Add ability to train decoder using embedding-image pairs #63

Closed Veldrovive closed 2 years ago

Veldrovive commented 2 years ago

I am implementing a single node training script for the decoder and it seems @lucidrains has implemented a wrapper script for this purpose that is already feature-full. Currently, the forward pass is implemented as follows: https://github.com/lucidrains/DALLE2-pytorch/blob/1d5dc088109c5d606096d40bea59ff8c7b8e7d9f/dalle2_pytorch/train.py#L189-L199 This lacks the ability to substitute our own image embeddings in the case where we have precomputed embedding-image pairs.

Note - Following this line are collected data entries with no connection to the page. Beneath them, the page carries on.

lemma bounded_clinear_op_cadj:
  fixes T :: "'a::chilbert_space \<Rightarrow> 'a"
  assumes T: "bounded_clinear_op T"
  shows "bounded_clinear_op (cadj T)"
proof -
  obtain K where bound: "\<And>x. norm (T x) \<le> norm x * K"
    using T unfolding bounded_clinear_op_def by blast
  have add: "cadj T (x + y) = cadj T x + cadj T y" for x y
    by (rule cinner_eqI) (simp add: cadj_cinner[OF T] cinner_add_left)
  have scale: "cadj T (c *\<^sub>C x) = c *\<^sub>C cadj T x" for c x
    by (rule cinner_eqI) (simp add: cadj_cinner[OF T] cinner_scaleC_left)
  have "norm (cadj T x) \<le> norm x * K" for x
  proof -
    have "(norm (cadj T x))\<^sup>2 = Re (cinner (cadj T x) (cadj T x))"
      by (simp only: cinner_self_eq_norm_power2 Re_complex_of_real)
    also have "\<dots> \<le> cmod (cinner x (T (cadj T x)))"
      unfolding cadj_cinner[OF T] by (rule complex_Re_le_cmod)
    also have "\<dots> \<le> norm x * (norm (cadj T x) * K)"
      using cinner_cauchy_schwarz[of x "T (cadj T x)"] mult_left_mono[OF bound, of "norm x"]
      by (meson norm_ge_zero order_trans)
    finally have "norm (cadj T x) * norm (cadj T x) \<le> (norm x * K) * norm (cadj T x)"
      by (simp add: power2_eq_square mult_ac)
    moreover have "0 \<le> norm x * K"
      using bound[of x] norm_ge_zero order_trans by blast
    ultimately show ?thesis
      by (cases "cadj T x = 0") auto
  qed
  then show ?thesis
    unfolding bounded_clinear_op_def using add scale by blast
qed
(* Let $(\theta_k,\lambda_k)_{k=0}^{K}$ be random sequences with $\theta_0\in\mathbb{R}^d$ deterministic, $\lambda_k\in[0,2/\delta]$ for all $k$, and $$\theta_{k+1}=\theta_k+\alpha\,\omega_k,\qquad k=0,\dots,K-1,$$ where $\alpha>0$ and $\omega_k\in\mathbb{R}^d$ are random vectors. Let $\mathcal{F}_k$ be a filtration such that $\theta_k,\lambda_k$ are $\mathcal{F}_k$-measurable, write $\mathbb{E}_k[\cdot]=\mathbb{E}[\cdot\mid\mathcal{F}_k]$, and let $\omega_k^*:=F(\theta_k)^{-1}\nabla_\theta\mathcal{L}(\theta_k,\lambda_k)$. Suppose the Score-function, Fisher non-degeneracy and Transferred compatible approximation assumptions below hold, and that $\mathbb{E}_{s\sim d^{\pi^*}}[\mathrm{KL}(\pi^*(\cdot|s)\,\|\,\pi_{\theta_0}(\cdot|s))]<\infty$. Then $$\frac{1}{K}\mathbb{E}\sum_{k=0}^{K-1}\big(\mathcal{L}(\pi^*,\lambda_k)-\mathcal{L}(\theta_k,\lambda_k)\big)\le \sqrt{\epsilon_{\mathrm{bias}}}+\frac{G_1}{K}\sum_{k=0}^{K-1}\mathbb{E}\big\|\mathbb{E}_k[\omega_k]-\omega_k^*\big\|+\frac{\alpha G_2}{2K}\sum_{k=0}^{K-1}\mathbb{E}\|\omega_k\|^2+\frac{1}{\alpha K}\mathbb{E}_{s\sim d^{\pi^*}}\big[\mathrm{KL}(\pi^*(\cdot|s)\,\|\,\pi_{\theta_0}(\cdot|s))\big].$$
   Context: CMDP setting: finite state space $\mathcal{S}$, finite action space $\mathcal{A}$, reward $r:\mathcal{S}\times\mathcal{A}\to[0,1]$, cost $c:\mathcal{S}\times\mathcal{A}\to[-1,1]$, transition kernel $P(\cdot|s,a)$. A (stationary randomized) policy is $\pi:\mathcal{S}\to\Delta(\mathcal{A})$; $\Pi$ is the set of all policies. Ergodicity: for every policy $\pi$ the state chain with kernel $P^\pi(s,s')=\sum_a\pi(a|s)P(s'|s,a)$ is irreducible and aperiodic, with unique stationary distribution $d^\pi$; set $\nu^\pi(s,a)=d^\pi(s)\pi(a|s)$. For $g\in\{r,c\}$: $J_g^\pi=\sum_{s,a}\nu^\pi(s,a)g(s,a)$, $Q_g^\pi(s,a)=\mathbb{E}_\pi[\sum_{t\ge0}(g(s_t,a_t)-J_g^\pi)\mid s_0=s,a_0=a]$, $V_g^\pi(s)=\mathbb{E}_{a\sim\pi(s)}Q_g^\pi(s,a)$, $A_g^\pi=Q_g^\pi-V_g^\pi$. Parametrized policies $\pi_\theta$, $\theta\in\mathbb{R}^d$, differentiable in $\theta$; $J_g(\theta):=J_g^{\pi_\theta}$. Lagrangian $\mathcal{L}(\theta,\lambda)=J_r(\theta)+\lambda J_c(\theta)$ and, for a policy $\pi$, $\mathcal{L}(\pi,\lambda)=J_r^\pi+\lambda J_c^\pi$. Fisher matrix $F(\theta)=\mathbb{E}_{(s,a)\sim\nu^{\pi_\theta}}[\nabla_\theta\log\pi_\theta(a|s)\nabla_\theta\log\pi_\theta(a|s)^\top]$. Slater: there exist $\delta\in(0,1)$ and $\bar\theta$ with $J_c(\bar\theta)\ge\delta$. $\pi^*$ is an optimal solution of $\max_{\pi\in\Pi}J_r^\pi$ s.t. $J_c^\pi\ge0$. Score-function assumption: for all $\theta,\theta_1,\theta_2$ and $(s,a)$, $\|\nabla_\theta\log\pi_\theta(a|s)\|\le G_1$ and $\|\nabla_\theta\log\pi_{\theta_1}(a|s)-\nabla_\theta\log\pi_{\theta_2}(a|s)\|\le G_2\|\theta_1-\theta_2\|$. Fisher non-degeneracy: $F(\theta)-\mu I_d$ is positive semidefinite for all $\theta$, for some $\mu>0$. Transferred compatible approximation: for all $\theta$ and $\lambda\in[0,2/\delta]$, with $\omega^*_{\theta,\lambda}=F(\theta)^{-1}\nabla_\theta\mathcal{L}(\theta,\lambda)$, $\mathbb{E}_{(s,a)\sim\nu^{\pi^*}}\big[(\nabla_\theta\log\pi_\theta(a|s)^\top\omega^*_{\theta,\lambda}-A_r^{\pi_\theta}(s,a)-\lambda A_c^{\pi_\theta}(s,a))^2\big]\le\epsilon_{\mathrm{bias}}$. *)

theory Defs
  imports "HOL-Analysis.Analysis" "HOL-Probability.Probability"
begin

text \<open>States 's and actions 'a are finite types. A transition kernel is
  P s a s' = P(s'|s,a); a policy is pol s a = pol(a|s).\<close>

definition is_dist :: "('b::finite \<Rightarrow> real) \<Rightarrow> bool" where
  "is_dist p \<longleftrightarrow> (\<forall>x. 0 \<le> p x) \<and> (\<Sum>x\<in>UNIV. p x) = 1"

definition is_policy :: "('s::finite \<Rightarrow> 'a::finite \<Rightarrow> real) \<Rightarrow> bool" where
  "is_policy pol \<longleftrightarrow> (\<forall>s. is_dist (pol s))"

definition is_kernel :: "('s::finite \<Rightarrow> 'a::finite \<Rightarrow> 's \<Rightarrow> real) \<Rightarrow> bool" where
  "is_kernel P \<longleftrightarrow> (\<forall>s a. is_dist (P s a))"

definition Ppi :: "('s::finite \<Rightarrow> 'a::finite \<Rightarrow> 's \<Rightarrow> real) \<Rightarrow> ('s \<Rightarrow> 'a \<Rightarrow> real) \<Rightarrow> 's \<Rightarrow> 's \<Rightarrow> real" where
  "Ppi P pol s s' = (\<Sum>a\<in>UNIV. pol s a * P s a s')"

fun mstep :: "('s::finite \<Rightarrow> 's \<Rightarrow> real) \<Rightarrow> nat \<Rightarrow> 's \<Rightarrow> 's \<Rightarrow> real" where
  "mstep Q 0 s s' = (if s = s' then 1 else 0)"
| "mstep Q (Suc n) s s' = (\<Sum>u\<in>UNIV. mstep Q n s u * Q u s')"

definition irreducible_chain :: "('s::finite \<Rightarrow> 's \<Rightarrow> real) \<Rightarrow> bool" where
  "irreducible_chain Q \<longleftrightarrow> (\<forall>s s'. \<exists>n. 0 < mstep Q n s s')"

definition period :: "('s::finite \<Rightarrow> 's \<Rightarrow> real) \<Rightarrow> 's \<Rightarrow> nat" where
  "period Q s = Gcd {n. 0 < n \<and> 0 < mstep Q n s s}"

definition aperiodic_chain :: "('s::finite \<Rightarrow> 's \<Rightarrow> real) \<Rightarrow> bool" where
  "aperiodic_chain Q \<longleftrightarrow> (\<forall>s. period Q s = 1)"

definition ergodic :: "('s::finite \<Rightarrow> 'a::finite \<Rightarrow> 's \<Rightarrow> real) \<Rightarrow> bool" where
  "ergodic P \<longleftrightarrow> (\<forall>pol. is_policy pol \<longrightarrow>
      irreducible_chain (Ppi P pol) \<and> aperiodic_chain (Ppi P pol))"

definition stationary :: "('s::finite \<Rightarrow> 's \<Rightarrow> real) \<Rightarrow> ('s \<Rightarrow> real) \<Rightarrow> bool" where
  "stationary Q d \<longleftrightarrow> is_dist d \<and> (\<forall>s'. (\<Sum>s\<in>UNIV. d s * Q s s') = d s')"

text \<open>d^pol : the (unique, under ergodicity) stationary distribution.\<close>
definition statdist :: "('s::finite \<Rightarrow> 'a::finite \<Rightarrow> 's \<Rightarrow> real) \<Rightarrow> ('s \<Rightarrow> 'a \<Rightarrow> real) \<Rightarrow> 's \<Rightarrow> real" where
  "statdist P pol = (THE d. stationary (Ppi P pol) d)"

definition occ :: "('s::finite \<Rightarrow> 'a::finite \<Rightarrow> 's \<Rightarrow> real) \<Rightarrow> ('s \<Rightarrow> 'a \<Rightarrow> real) \<Rightarrow> 's \<Rightarrow> 'a \<Rightarrow> real" where
  "occ P pol s a = statdist P pol s * pol s a"

definition Jv :: "('s::finite \<Rightarrow> 'a::finite \<Rightarrow> 's \<Rightarrow> real) \<Rightarrow> ('s \<Rightarrow> 'a \<Rightarrow> real) \<Rightarrow> ('s \<Rightarrow> 'a \<Rightarrow> real) \<Rightarrow> real" where
  "Jv P pol g = (\<Sum>s\<in>UNIV. \<Sum>a\<in>UNIV. occ P pol s a * g s a)"

text \<open>Law of (s_t,a_t) under pol started from s_0 = s, a_0 = a.\<close>
fun sadist :: "('s::finite \<Rightarrow> 'a::finite \<Rightarrow> 's \<Rightarrow> real) \<Rightarrow> ('s \<Rightarrow> 'a \<Rightarrow> real) \<Rightarrow> 's \<Rightarrow> 'a \<Rightarrow> nat \<Rightarrow> 's \<Rightarrow> 'a \<Rightarrow> real" where
  "sadist P pol s a 0 s' a' = (if s' = s \<and> a' = a then 1 else 0)"
| "sadist P pol s a (Suc t) s' a' =
     (\<Sum>u\<in>UNIV. \<Sum>b\<in>UNIV. sadist P pol s a t u b * P u b s') * pol s' a'"

definition Qf :: "('s::finite \<Rightarrow> 'a::finite \<Rightarrow> 's \<Rightarrow> real) \<Rightarrow> ('s \<Rightarrow> 'a \<Rightarrow> real) \<Rightarrow> ('s \<Rightarrow> 'a \<Rightarrow> real) \<Rightarrow> 's \<Rightarrow> 'a \<Rightarrow> real" where
  "Qf P pol g s a = (\<Sum>t. (\<Sum>s'\<in>UNIV. \<Sum>a'\<in>UNIV. sadist P pol s a t s' a' * g s' a') - Jv P pol g)"

definition Vf :: "('s::finite \<Rightarrow> 'a::finite \<Rightarrow> 's \<Rightarrow> real) \<Rightarrow> ('s \<Rightarrow> 'a \<Rightarrow> real) \<Rightarrow> ('s \<Rightarrow> 'a \<Rightarrow> real) \<Rightarrow> 's \<Rightarrow> real" where
  "Vf P pol g s = (\<Sum>a\<in>UNIV. pol s a * Qf P pol g s a)"

definition Adv :: "('s::finite \<Rightarrow> 'a::finite \<Rightarrow> 's \<Rightarrow> real) \<Rightarrow> ('s \<Rightarrow> 'a \<Rightarrow> real) \<Rightarrow> ('s \<Rightarrow> 'a \<Rightarrow> real) \<Rightarrow> 's \<Rightarrow> 'a \<Rightarrow> real" where
  "Adv P pol g s a = Qf P pol g s a - Vf P pol g s"

definition Lagr :: "('s::finite \<Rightarrow> 'a::finite \<Rightarrow> 's \<Rightarrow> real) \<Rightarrow> ('s \<Rightarrow> 'a \<Rightarrow> real) \<Rightarrow> ('s \<Rightarrow> 'a \<Rightarrow> real) \<Rightarrow> ('s \<Rightarrow> 'a \<Rightarrow> real) \<Rightarrow> real \<Rightarrow> real" where
  "Lagr P r c pol lam = Jv P pol r + lam * Jv P pol c"

definition grad :: "(real^'d \<Rightarrow> real) \<Rightarrow> real^'d \<Rightarrow> real^'d" where
  "grad f x = (\<chi> i. frechet_derivative f (at x) (axis i 1))"

definition score :: "(real^'d \<Rightarrow> 's \<Rightarrow> 'a \<Rightarrow> real) \<Rightarrow> real^'d \<Rightarrow> 's \<Rightarrow> 'a \<Rightarrow> real^'d" where
  "score pol th s a = grad (\<lambda>t. ln (pol t s a)) th"

definition fisher :: "('s::finite \<Rightarrow> 'a::finite \<Rightarrow> 's \<Rightarrow> real) \<Rightarrow> (real^'d \<Rightarrow> 's \<Rightarrow> 'a \<Rightarrow> real) \<Rightarrow> real^'d \<Rightarrow> real^'d^'d" where
  "fisher P pol th = (\<chi> i j. \<Sum>s\<in>UNIV. \<Sum>a\<in>UNIV.
       occ P (pol th) s a * (score pol th s a $ i) * (score pol th s a $ j))"

definition mat_inverse :: "real^'n^'n \<Rightarrow> real^'n^'n" where
  "mat_inverse A = (SOME B. A ** B = mat 1 \<and> B ** A = mat 1)"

The functionality is already mostly supported by the Decoder network where image_embed can be passed to the forward method so this could be implemented by simply adding the image_embed parameter as a pass though to decoder.forward. However, it would also be convenient to make the clip model optional in the Decoder constructor. I already started on this a week ago in this branch by adding the ability to set clip_image_size and channels separately from a clip model.

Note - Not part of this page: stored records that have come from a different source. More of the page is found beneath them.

lemma homog_Aten:
  assumes "\<And>i l. homog n k (F i l)"
  shows "homog n (k - 2) (Aten n F i l)"
proof -
  have "Aten n F i l = (\<lambda>x. (\<Sum>m\<in>{1..n}. pd i (pd m (F m l)) x) + (\<Sum>m\<in>{1..n}. pd m (pd l (F i m)) x)
     - (\<Sum>m\<in>{1..n}. pd m (pd m (F i l)) x)
     - (1 / (real n - 1) * kdelta i l) * (\<Sum>m\<in>{1..n}. \<Sum>p\<in>{1..n}. pd m (pd p (F m p)) x))"
    by (rule ext) (simp add: Aten_def mult_ac)
  then show ?thesis
    by (simp only:) (intro monom_span_add monom_span_diff monom_span_cmult monom_span_sum homog_pd2 assms; simp)
qed

lemma homog_Zten:
  assumes "\<And>i l. homog n k (F i l)"
  shows "homog n (k - 2) (Zten n F i j a b)"
proof -
  have "Zten n F i j a b = (\<lambda>x. pd i (pd a (F j b)) x - pd i (pd b (F j a)) x
     - pd j (pd a (F i b)) x + pd j (pd b (F i a)) x
     + (1 / (real n - 2)) * (kdelta i a * Aten n F j b x - kdelta i b * Aten n F j a x
        - kdelta j a * Aten n F i b x + kdelta j b * Aten n F i a x))"
    by (rule ext) (simp add: Zten_def mult_ac)
  then show ?thesis
    by (simp only:) (intro monom_span_add monom_span_diff monom_span_cmult homog_pd2 homog_Aten assms)
qed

There are only a few small changes that would be necessary to implement this feature so I could put together a pull request to do this.

lucidrains commented 2 years ago

@Veldrovive Hi Aidan! Indeed that is the case, and I can get this finished in the next half hour, been meaning to get around to it!

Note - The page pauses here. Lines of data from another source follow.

(* For all $b,b'\in\overline{\mathbb{Q}}\setminus\{0,1\}$ and any choices of nonzero logarithms $\ln b,\ln b'$ used to define $b^x$ and $b'^x$, one has $EL^{(b)}=EL^{(b')}$.
   Context: For $b\in\mathbb{C}\setminus\{0,1\}$ fix a value $\ln b$ (nonzero) of the logarithm and define $b^x:=e^{x\ln b}$. For $S\subseteq\mathbb{C}$ let $b^{S}=\{b^x:x\in S\}$ and $\mathrm{Log}_b(S)=\{w: b^w\in S\}$. $\overline{F}$ is the algebraic closure in $\mathbb{C}$ of a field $F$; $\overline{\mathbb{Q}}$ is the field of algebraic numbers. Define $EL_0:=\mathbb{Q}$, $EL_n:=\overline{EL_{n-1}\big(b^{EL_{n-1}},\mathrm{Log}_b(EL_{n-1})\big)}$, $EL^{(b)}:=\bigcup_{n\ge0}EL_n$; equivalently the smallest algebraically closed subfield $F\subseteq\mathbb{C}$ with $x\in F\iff b^x\in F$. *)

theory Defs
  imports Complex_Main "HOL-Computational_Algebra.Polynomial"
begin

definition subfield_C :: "complex set \<Rightarrow> bool" where
  "subfield_C F \<longleftrightarrow> 0 \<in> F \<and> 1 \<in> F \<and>
     (\<forall>x\<in>F. \<forall>y\<in>F. x + y \<in> F \<and> x - y \<in> F \<and> x * y \<in> F) \<and>
     (\<forall>x\<in>F. x \<noteq> 0 \<longrightarrow> inverse x \<in> F)"

definition field_gen :: "complex set \<Rightarrow> complex set" where
  "field_gen S = \<Inter>{F. subfield_C F \<and> S \<subseteq> F}"

definition alg_closure_C :: "complex set \<Rightarrow> complex set" where
  "alg_closure_C F = {z. \<exists>p :: complex poly. p \<noteq> 0 \<and> (\<forall>i. coeff p i \<in> F) \<and> poly p z = 0}"

text \<open>Exponentiation with base b, where L is the fixed value of ln b: b^x = e^(x L).\<close>
definition bpow :: "complex \<Rightarrow> complex \<Rightarrow> complex" where
  "bpow L x = exp (x * L)"

definition bpow_set :: "complex \<Rightarrow> complex set \<Rightarrow> complex set" where
  "bpow_set L S = bpow L ` S"

definition Log_set :: "complex \<Rightarrow> complex set \<Rightarrow> complex set" where
  "Log_set L S = {w. bpow L w \<in> S}"

fun EL_n :: "complex \<Rightarrow> nat \<Rightarrow> complex set" where
  "EL_n L 0 = \<rat>"
| "EL_n L (Suc n) = alg_closure_C (field_gen (EL_n L n \<union> bpow_set L (EL_n L n) \<union> Log_set L (EL_n L n)))"

definition EL :: "complex \<Rightarrow> complex set" where
  "EL L = (\<Union>n. EL_n L n)"

end

theory Submission
  imports Defs
begin

text \<open>
  EL(L) is the least algebraically closed subfield of the complex numbers with
  x \<in> F \<longleftrightarrow> exp (x L) \<in> F. For another logarithm L', put c = L / L'. Then
  exp (c L') = exp L is algebraic, so it lies in EL(L'), hence so does c.
  As exp (x L) = exp ((c x) L') and EL(L') is a field containing c \<noteq> 0,
  EL(L') is closed under x \<mapsto> exp (x L) and its inverse, and minimality gives
  EL(L) \<subseteq> EL(L'). The argument is symmetric.
\<close>

lemma subfield_field_gen: "subfield_C (field_gen S)"
  unfolding field_gen_def subfield_C_def by auto

lemma field_gen_superset: "S \<subseteq> field_gen S"
  unfolding field_gen_def by auto

lemma field_gen_least: "subfield_C F \<Longrightarrow> S \<subseteq> F \<Longrightarrow> field_gen S \<subseteq> F"
  unfolding field_gen_def by auto

lemma alg_closure_C_superset:
  assumes "subfield_C F"
  shows "F \<subseteq> alg_closure_C F"
proof
  fix z assume "z \<in> F"
  then have "coeff [:-z, 1:] i \<in> F" for i
    using assms unfolding subfield_C_def by (cases i) (auto simp: coeff_pCons split: nat.split)
  moreover have "[:-z, 1:] \<noteq> 0" and "poly [:-z, 1:] z = 0"
    by simp_all
  ultimately show "z \<in> alg_closure_C F"
    unfolding alg_closure_C_def by blast
qed

lemma alg_closure_C_mono: "A \<subseteq> B \<Longrightarrow> alg_closure_C A \<subseteq> alg_closure_C B"
  unfolding alg_closure_C_def by blast

abbreviation EL_gen :: "complex \<Rightarrow> complex set \<Rightarrow> complex set" where
  "EL_gen L S \<equiv> field_gen (S \<union> bpow_set L S \<union> Log_set L S)"

lemma EL_gen_superset: "S \<union> bpow_set L S \<union> Log_set L S \<subseteq> EL_gen L S"
  by (rule field_gen_superset)

lemma EL_n_Suc_eq: "EL_n L (Suc k) = alg_closure_C (EL_gen L (EL_n L k))"
  by (simp only: EL_n.simps)

lemma EL_gen_subset_EL_n_Suc: "EL_gen L (EL_n L k) \<subseteq> EL_n L (Suc k)"
  unfolding EL_n_Suc_eq by (rule alg_closure_C_superset[OF subfield_field_gen])

lemma EL_n_subset_EL_gen: "EL_n L k \<subseteq> EL_gen L (EL_n L k)"
  using EL_gen_superset[of "EL_n L k" L] by blast

lemma EL_n_subset_Suc: "EL_n L k \<subseteq> EL_n L (Suc k)"
  using EL_n_subset_EL_gen EL_gen_subset_EL_n_Suc by (rule subset_trans)

lemma EL_n_mono: "k \<le> m \<Longrightarrow> EL_n L k \<subseteq> EL_n L m"
  by (rule lift_Suc_mono_le[of "EL_n L", OF EL_n_subset_Suc])

lemma EL_n_subset_EL: "EL_n L k \<subseteq> EL L"
  unfolding EL_def by blast

lemma finite_subset_EL_n:
  assumes "finite A" and "A \<subseteq> EL L"
  shows "\<exists>k. A \<subseteq> EL_n L k"
  using assms
proof (induction A rule: finite_induct)
  case empty
  then show ?case by blast
next
  case (insert x A)
  then obtain k j where "A \<subseteq> EL_n L k" and "x \<in> EL_n L j"
    unfolding EL_def by blast
  then have "insert x A \<subseteq> EL_n L (max k j)"
    using EL_n_mono[of k "max k j" L] EL_n_mono[of j "max k j" L] by auto
  then show ?case by blast
qed

lemma EL_gen_subset_EL: "EL_gen L (EL_n L k) \<subseteq> EL L"
  using EL_gen_subset_EL_n_Suc EL_n_subset_EL by blast

lemma EL_subfield: "subfield_C (EL L)"
proof -
  have "0 \<in> EL L" "1 \<in> EL L"
    using EL_n_subset_EL[of L 0] by auto
  moreover have "x + y \<in> EL L \<and> x - y \<in> EL L \<and> x * y \<in> EL L \<and>
      (x \<noteq> 0 \<longrightarrow> inverse x \<in> EL L)"
    if "x \<in> EL L" and "y \<in> EL L" for x y
  proof -
    have "{x, y} \<subseteq> EL L"
      using that by blast
    then obtain k where "{x, y} \<subseteq> EL_n L k"
      using finite_subset_EL_n[of "{x, y}" L] by blast
    then have "x \<in> EL_gen L (EL_n L k)" "y \<in> EL_gen L (EL_n L k)"
      using EL_n_subset_EL_gen by auto
    moreover have "subfield_C (EL_gen L (EL_n L k))"
      by (rule subfield_field_gen)
    ultimately show ?thesis
      using EL_gen_subset_EL[of L k] unfolding subfield_C_def by blast
  qed
  ultimately show ?thesis
    unfolding subfield_C_def by blast
qed

lemma bpow_in_EL:
  assumes "x \<in> EL L"
  shows "bpow L x \<in> EL L"
proof -
  obtain k where "x \<in> EL_n L k"
    using assms unfolding EL_def by blast
  then have "bpow L x \<in> bpow_set L (EL_n L k)"
    unfolding bpow_set_def by blast
  then show ?thesis
    using EL_gen_superset[of "EL_n L k" L] EL_gen_subset_EL[of L k] by blast
qed

lemma in_EL_if_bpow_in_EL:
  assumes "bpow L w \<in> EL L"
  shows "w \<in> EL L"
proof -
  obtain k where "bpow L w \<in> EL_n L k"
    using assms unfolding EL_def by blast
  then have "w \<in> Log_set L (EL_n L k)"
    unfolding Log_set_def by blast
  then show ?thesis
    using EL_gen_superset[of "EL_n L k" L] EL_gen_subset_EL[of L k] by blast
qed

lemma EL_alg_closed: "alg_closure_C (EL L) \<subseteq> EL L"
proof
  fix z assume "z \<in> alg_closure_C (EL L)"
  then obtain p where p: "p \<noteq> 0" "\<forall>i. coeff p i \<in> EL L" "poly p z = 0"
    unfolding alg_closure_C_def by blast
  obtain k where k: "coeff p ` {..degree p} \<subseteq> EL_n L k"
    using finite_subset_EL_n[of "coeff p ` {..degree p}" L] p(2) by blast
  have "0 \<in> EL_n L k"
    using EL_n_mono[of 0 k L] by auto
  then have "coeff p i \<in> EL_n L k" for i
    using k by (cases "i \<le> degree p") (auto simp: coeff_eq_0)
  then have "z \<in> alg_closure_C (EL_gen L (EL_n L k))"
    using p EL_n_subset_EL_gen unfolding alg_closure_C_def by blast
  then show "z \<in> EL L"
    using EL_n_subset_EL[of L "Suc k"] by auto
qed

lemma EL_least:
  assumes "subfield_C F" and "alg_closure_C F \<subseteq> F" and "\<rat> \<subseteq> F"
    and "\<And>x. x \<in> F \<Longrightarrow> bpow L x \<in> F"
    and "\<And>w. bpow L w \<in> F \<Longrightarrow> w \<in> F"
  shows "EL L \<subseteq> F"
proof -
  have "EL_n L n \<subseteq> F" for n
  proof (induction n)
    case 0
    then show ?case using assms(3) by simp
  next
    case (Suc n)
    then have "EL_gen L (EL_n L n) \<subseteq> F"
      using assms(4,5) unfolding bpow_set_def Log_set_def
      by (intro field_gen_least[OF assms(1)]) blast
    then show ?case
      using alg_closure_C_mono assms(2) unfolding EL_n_Suc_eq by blast
  qed
  then show ?thesis
    unfolding EL_def by blast
qed

lemma algebraic_in_EL:
  assumes "algebraic z"
  shows "z \<in> EL L"
proof -
  obtain p where p: "\<forall>i. coeff p i \<in> \<int>" "p \<noteq> 0" "poly p z = 0"
    using assms unfolding algebraic_def by blast
  then have "\<forall>i. coeff p i \<in> EL_gen L (EL_n L 0)"
    using EL_n_subset_EL_gen[of L 0] Ints_subset_Rats by auto
  then have "z \<in> EL_n L 1"
    using p by (auto simp: alg_closure_C_def)
  then show ?thesis
    using EL_n_subset_EL by blast
qed

lemma bpow_rescale: "L' \<noteq> 0 \<Longrightarrow> bpow L' (L / L' * x) = bpow L x"
  unfolding bpow_def by (simp add: mult.commute)

lemma EL_subset_if_ratio_in_EL:
  assumes "L \<noteq> 0" and "L' \<noteq> 0" and "L / L' \<in> EL L'"
  shows "EL L \<subseteq> EL L'"
proof (rule EL_least)
  let ?c = "L / L'"
  have field: "subfield_C (EL L')"
    by (rule EL_subfield)
  have "?c \<noteq> 0"
    using assms(1,2) by simp
  show "subfield_C (EL L')" "alg_closure_C (EL L') \<subseteq> EL L'"
    by (fact field, rule EL_alg_closed)
  show "\<rat> \<subseteq> EL L'"
    using EL_n_subset_EL[of L' 0] by simp
  show "bpow L x \<in> EL L'" if "x \<in> EL L'" for x
  proof -
    have "?c * x \<in> EL L'"
      using field assms(3) that unfolding subfield_C_def by blast
    then show ?thesis
      using bpow_in_EL bpow_rescale[OF assms(2)] by metis
  qed
  show "w \<in> EL L'" if "bpow L w \<in> EL L'" for w
  proof -
    have "?c * w \<in> EL L'"
      using that bpow_rescale[OF assms(2)] in_EL_if_bpow_in_EL by metis
    moreover have "inverse ?c \<in> EL L'"
      using field assms(3) \<open>?c \<noteq> 0\<close> unfolding subfield_C_def by blast
    ultimately have "inverse ?c * (?c * w) \<in> EL L'"
      using field unfolding subfield_C_def by blast
    then show ?thesis
      using assms(1,2) by simp
  qed
qed

lemma EL_subset_if_algebraic:
  assumes "L \<noteq> 0" and "L' \<noteq> 0" and "algebraic (exp L)"
  shows "EL L \<subseteq> EL L'"
proof (rule EL_subset_if_ratio_in_EL[OF assms(1,2)])
  have "bpow L' (L / L') = exp L"
    using bpow_rescale[OF assms(2), of L 1] by (simp add: bpow_def)
  then show "L / L' \<in> EL L'"
    using in_EL_if_bpow_in_EL algebraic_in_EL[OF assms(3)] by metis
qed

theorem mainTheorem3:
  fixes b b' L L' :: complex
  assumes "algebraic b" and "b \<noteq> 0" and "b \<noteq> 1"
      and "algebraic b'" and "b' \<noteq> 0" and "b' \<noteq> 1"
      and "L \<noteq> 0" and "exp L = b"
      and "L' \<noteq> 0" and "exp L' = b'"
  shows "EL L = EL L'"
  using EL_subset_if_algebraic[of L L'] EL_subset_if_algebraic[of L' L] assms by blast

end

lucidrains commented 2 years ago

@Veldrovive here you go https://github.com/lucidrains/DALLE2-pytorch/releases/tag/0.0.106

Veldrovive commented 2 years ago

Great! For the DecoderTrainer are you thinking to just use kwargs for image_embed and not put a specific named parameter for it?

lucidrains commented 2 years ago

@Veldrovive yup, for wrapper i usually just forward kwargs to whatever is being wrapped (instead of using some fancy forwarding module)